• [Stored data entries]
────────
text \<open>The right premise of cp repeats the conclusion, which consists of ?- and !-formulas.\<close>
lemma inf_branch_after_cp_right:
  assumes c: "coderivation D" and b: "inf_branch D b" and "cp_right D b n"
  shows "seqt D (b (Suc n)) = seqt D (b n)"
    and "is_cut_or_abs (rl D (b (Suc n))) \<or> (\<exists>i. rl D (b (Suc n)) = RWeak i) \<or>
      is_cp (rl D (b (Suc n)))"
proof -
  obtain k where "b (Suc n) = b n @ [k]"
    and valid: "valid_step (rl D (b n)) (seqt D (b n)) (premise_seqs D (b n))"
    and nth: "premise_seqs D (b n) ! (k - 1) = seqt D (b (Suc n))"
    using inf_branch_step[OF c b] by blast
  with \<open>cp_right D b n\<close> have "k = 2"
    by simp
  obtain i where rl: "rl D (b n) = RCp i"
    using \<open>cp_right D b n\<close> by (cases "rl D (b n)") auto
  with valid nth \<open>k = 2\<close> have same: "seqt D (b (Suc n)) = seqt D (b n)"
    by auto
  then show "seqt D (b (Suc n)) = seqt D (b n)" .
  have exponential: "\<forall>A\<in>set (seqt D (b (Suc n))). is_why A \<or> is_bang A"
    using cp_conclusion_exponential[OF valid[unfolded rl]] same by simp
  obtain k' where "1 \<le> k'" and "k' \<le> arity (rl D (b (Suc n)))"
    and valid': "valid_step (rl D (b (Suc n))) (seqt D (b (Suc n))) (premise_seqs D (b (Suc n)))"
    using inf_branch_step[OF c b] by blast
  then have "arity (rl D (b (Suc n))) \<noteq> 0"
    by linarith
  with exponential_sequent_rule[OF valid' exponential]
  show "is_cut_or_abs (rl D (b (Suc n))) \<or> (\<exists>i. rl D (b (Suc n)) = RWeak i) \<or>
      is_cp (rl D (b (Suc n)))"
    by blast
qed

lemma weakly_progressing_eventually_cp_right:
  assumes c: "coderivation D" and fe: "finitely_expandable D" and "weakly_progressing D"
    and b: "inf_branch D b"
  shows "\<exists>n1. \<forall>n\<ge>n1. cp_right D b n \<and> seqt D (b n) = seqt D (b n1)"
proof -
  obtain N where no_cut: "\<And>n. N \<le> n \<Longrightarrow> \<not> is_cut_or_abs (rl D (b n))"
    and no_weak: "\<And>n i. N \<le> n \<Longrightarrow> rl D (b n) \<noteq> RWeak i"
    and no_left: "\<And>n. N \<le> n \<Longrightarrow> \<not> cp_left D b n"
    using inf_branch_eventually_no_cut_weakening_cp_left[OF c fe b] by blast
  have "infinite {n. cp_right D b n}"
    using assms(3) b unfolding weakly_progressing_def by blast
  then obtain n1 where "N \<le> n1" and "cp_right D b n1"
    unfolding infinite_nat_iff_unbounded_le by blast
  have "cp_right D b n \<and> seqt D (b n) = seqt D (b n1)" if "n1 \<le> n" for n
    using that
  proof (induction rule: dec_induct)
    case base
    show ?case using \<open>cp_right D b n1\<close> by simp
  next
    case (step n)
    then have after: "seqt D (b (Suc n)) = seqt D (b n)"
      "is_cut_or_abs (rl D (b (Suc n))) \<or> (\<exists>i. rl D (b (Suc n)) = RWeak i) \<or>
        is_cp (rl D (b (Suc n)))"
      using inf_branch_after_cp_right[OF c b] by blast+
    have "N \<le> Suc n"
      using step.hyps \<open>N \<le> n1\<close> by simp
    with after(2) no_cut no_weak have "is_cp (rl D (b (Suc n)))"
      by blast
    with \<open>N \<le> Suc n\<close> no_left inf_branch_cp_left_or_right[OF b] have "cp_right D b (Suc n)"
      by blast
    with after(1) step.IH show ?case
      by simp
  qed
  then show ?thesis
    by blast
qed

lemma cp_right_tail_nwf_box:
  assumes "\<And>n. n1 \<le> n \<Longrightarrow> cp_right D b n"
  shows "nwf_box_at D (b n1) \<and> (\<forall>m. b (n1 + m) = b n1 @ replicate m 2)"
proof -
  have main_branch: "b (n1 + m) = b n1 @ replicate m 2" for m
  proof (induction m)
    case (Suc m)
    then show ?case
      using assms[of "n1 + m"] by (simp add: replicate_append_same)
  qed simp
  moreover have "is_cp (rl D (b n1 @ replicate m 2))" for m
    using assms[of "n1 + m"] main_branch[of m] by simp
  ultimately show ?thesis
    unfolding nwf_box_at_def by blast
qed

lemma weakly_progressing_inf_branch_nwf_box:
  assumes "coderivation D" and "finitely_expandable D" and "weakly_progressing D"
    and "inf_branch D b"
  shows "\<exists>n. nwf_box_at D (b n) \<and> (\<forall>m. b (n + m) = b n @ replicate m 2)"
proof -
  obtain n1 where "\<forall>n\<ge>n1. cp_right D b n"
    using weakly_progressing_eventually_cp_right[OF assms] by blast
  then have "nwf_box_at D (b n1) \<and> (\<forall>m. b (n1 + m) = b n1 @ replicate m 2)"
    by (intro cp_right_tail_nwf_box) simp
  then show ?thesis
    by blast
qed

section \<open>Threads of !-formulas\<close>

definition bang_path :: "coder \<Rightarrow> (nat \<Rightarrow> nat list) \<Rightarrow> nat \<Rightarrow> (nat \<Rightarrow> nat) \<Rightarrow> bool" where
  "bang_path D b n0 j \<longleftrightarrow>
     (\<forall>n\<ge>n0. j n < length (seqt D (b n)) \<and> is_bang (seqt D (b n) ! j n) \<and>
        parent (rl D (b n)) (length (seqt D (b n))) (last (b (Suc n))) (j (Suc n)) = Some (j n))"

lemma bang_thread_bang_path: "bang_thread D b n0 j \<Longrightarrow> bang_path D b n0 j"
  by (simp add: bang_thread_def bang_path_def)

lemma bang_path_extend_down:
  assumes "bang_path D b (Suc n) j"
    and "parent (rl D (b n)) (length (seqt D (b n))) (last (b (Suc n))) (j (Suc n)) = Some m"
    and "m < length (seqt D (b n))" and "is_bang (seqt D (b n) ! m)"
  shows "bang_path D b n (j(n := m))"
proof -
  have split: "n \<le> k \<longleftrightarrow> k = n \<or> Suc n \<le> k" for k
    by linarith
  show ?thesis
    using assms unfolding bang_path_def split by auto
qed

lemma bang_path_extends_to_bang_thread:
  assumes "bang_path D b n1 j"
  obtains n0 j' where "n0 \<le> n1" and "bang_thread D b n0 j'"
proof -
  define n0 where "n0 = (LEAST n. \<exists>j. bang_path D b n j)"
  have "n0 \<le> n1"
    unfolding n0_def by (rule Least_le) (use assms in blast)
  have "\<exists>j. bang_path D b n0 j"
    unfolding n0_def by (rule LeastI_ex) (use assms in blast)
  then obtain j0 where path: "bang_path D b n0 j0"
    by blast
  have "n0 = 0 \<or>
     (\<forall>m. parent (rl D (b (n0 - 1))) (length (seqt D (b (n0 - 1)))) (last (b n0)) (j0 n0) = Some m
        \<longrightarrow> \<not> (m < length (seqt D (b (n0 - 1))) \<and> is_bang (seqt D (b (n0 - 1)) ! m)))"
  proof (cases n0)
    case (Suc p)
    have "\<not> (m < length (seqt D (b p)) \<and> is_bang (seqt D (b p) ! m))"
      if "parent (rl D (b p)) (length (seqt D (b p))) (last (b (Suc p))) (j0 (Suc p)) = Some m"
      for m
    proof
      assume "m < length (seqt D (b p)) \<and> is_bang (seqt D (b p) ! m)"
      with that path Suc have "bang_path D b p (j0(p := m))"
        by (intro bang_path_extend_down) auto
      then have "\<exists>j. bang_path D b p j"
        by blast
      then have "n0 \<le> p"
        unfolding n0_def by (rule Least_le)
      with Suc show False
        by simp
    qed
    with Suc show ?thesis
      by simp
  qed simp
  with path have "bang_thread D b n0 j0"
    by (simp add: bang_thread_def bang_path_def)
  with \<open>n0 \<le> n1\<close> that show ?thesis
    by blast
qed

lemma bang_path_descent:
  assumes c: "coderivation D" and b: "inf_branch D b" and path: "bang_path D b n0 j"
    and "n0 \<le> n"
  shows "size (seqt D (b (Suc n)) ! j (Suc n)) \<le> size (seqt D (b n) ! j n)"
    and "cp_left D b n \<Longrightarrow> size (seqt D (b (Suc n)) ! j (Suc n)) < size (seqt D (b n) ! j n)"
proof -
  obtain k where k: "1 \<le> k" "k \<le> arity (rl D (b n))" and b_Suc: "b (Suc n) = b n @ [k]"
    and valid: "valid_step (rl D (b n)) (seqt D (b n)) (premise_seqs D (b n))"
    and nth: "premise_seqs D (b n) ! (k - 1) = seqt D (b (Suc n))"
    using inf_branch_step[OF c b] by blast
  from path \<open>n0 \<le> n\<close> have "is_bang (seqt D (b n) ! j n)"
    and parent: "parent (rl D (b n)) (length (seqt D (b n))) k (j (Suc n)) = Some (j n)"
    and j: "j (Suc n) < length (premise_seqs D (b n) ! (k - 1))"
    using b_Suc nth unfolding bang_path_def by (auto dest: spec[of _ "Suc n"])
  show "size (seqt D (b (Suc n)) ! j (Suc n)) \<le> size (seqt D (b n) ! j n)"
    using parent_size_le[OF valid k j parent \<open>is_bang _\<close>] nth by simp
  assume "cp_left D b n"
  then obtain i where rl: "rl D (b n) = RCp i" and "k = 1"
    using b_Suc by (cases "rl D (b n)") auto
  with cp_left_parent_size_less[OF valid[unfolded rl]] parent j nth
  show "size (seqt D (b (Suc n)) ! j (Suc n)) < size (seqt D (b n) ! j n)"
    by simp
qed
────────
• [What is expected] Start at the first line of the data above. Stop after the line containing "using inf_branch_eventually_no_cut_weakening_cp_left[OF c", reproducing each line exactly and adding nothing.

• [Task output]
text \<open>The right premise of cp repeats the conclusion, which consists of ?- and !-formulas.\<close>
lemma inf_branch_after_cp_right:
  assumes c: "coderivation D" and b: "inf_branch D b" and "cp_right D b n"
  shows "seqt D (b (Suc n)) = seqt D (b n)"
    and "is_cut_or_abs (rl D (b (Suc n))) \<or> (\<exists>i. rl D (b (Suc n)) = RWeak i) \<or>
      is_cp (rl D (b (Suc n)))"
proof -
  obtain k where "b (Suc n) = b n @ [k]"
    and valid: "valid_step (rl D (b n)) (seqt D (b n)) (premise_seqs D (b n))"
    and nth: "premise_seqs D (b n) ! (k - 1) = seqt D (b (Suc n))"
    using inf_branch_step[OF c b] by blast
  with \<open>cp_right D b n\<close> have "k = 2"
    by simp
  obtain i where rl: "rl D (b n) = RCp i"
    using \<open>cp_right D b n\<close> by (cases "rl D (b n)") auto
  with valid nth \<open>k = 2\<close> have same: "seqt D (b (Suc n)) = seqt D (b n)"
    by auto
  then show "seqt D (b (Suc n)) = seqt D (b n)" .
  have exponential: "\<forall>A\<in>set (seqt D (b (Suc n))). is_why A \<or> is_bang A"
    using cp_conclusion_exponential[OF valid[unfolded rl]] same by simp
  obtain k' where "1 \<le> k'" and "k' \<le> arity (rl D (b (Suc n)))"
    and valid': "valid_step (rl D (b (Suc n))) (seqt D (b (Suc n))) (premise_seqs D (b (Suc n)))"
    using inf_branch_step[OF c b] by blast
  then have "arity (rl D (b (Suc n))) \<noteq> 0"
    by linarith
  with exponential_sequent_rule[OF valid' exponential]
  show "is_cut_or_abs (rl D (b (Suc n))) \<or> (\<exists>i. rl D (b (Suc n)) = RWeak i) \<or>
      is_cp (rl D (b (Suc n)))"
    by blast
qed

lemma weakly_progressing_eventually_cp_right:
  assumes c: "coderivation D" and fe: "finitely_expandable D" and "weakly_progressing D"
    and b: "inf_branch D b"
  shows "\<exists>n1. \<forall>n\<ge>n1. cp_right D b n \<and> seqt D (b n) = seqt D (b n1)"
proof -
  obtain N where no_cut: "\<And>n. N \<le> n \<Longrightarrow> \<not> is_cut_or_abs (rl D (b n))"
    and no_weak: "\<And>n i. N \<le> n \<Longrightarrow> rl D (b n) \<noteq> RWeak i"
    and no_left: "\<And>n. N \<le> n \<Longrightarrow> \<not> cp_left D b n"
    using inf_branch_eventually_no_cut_weakening_cp_left[OF c fe b] by blast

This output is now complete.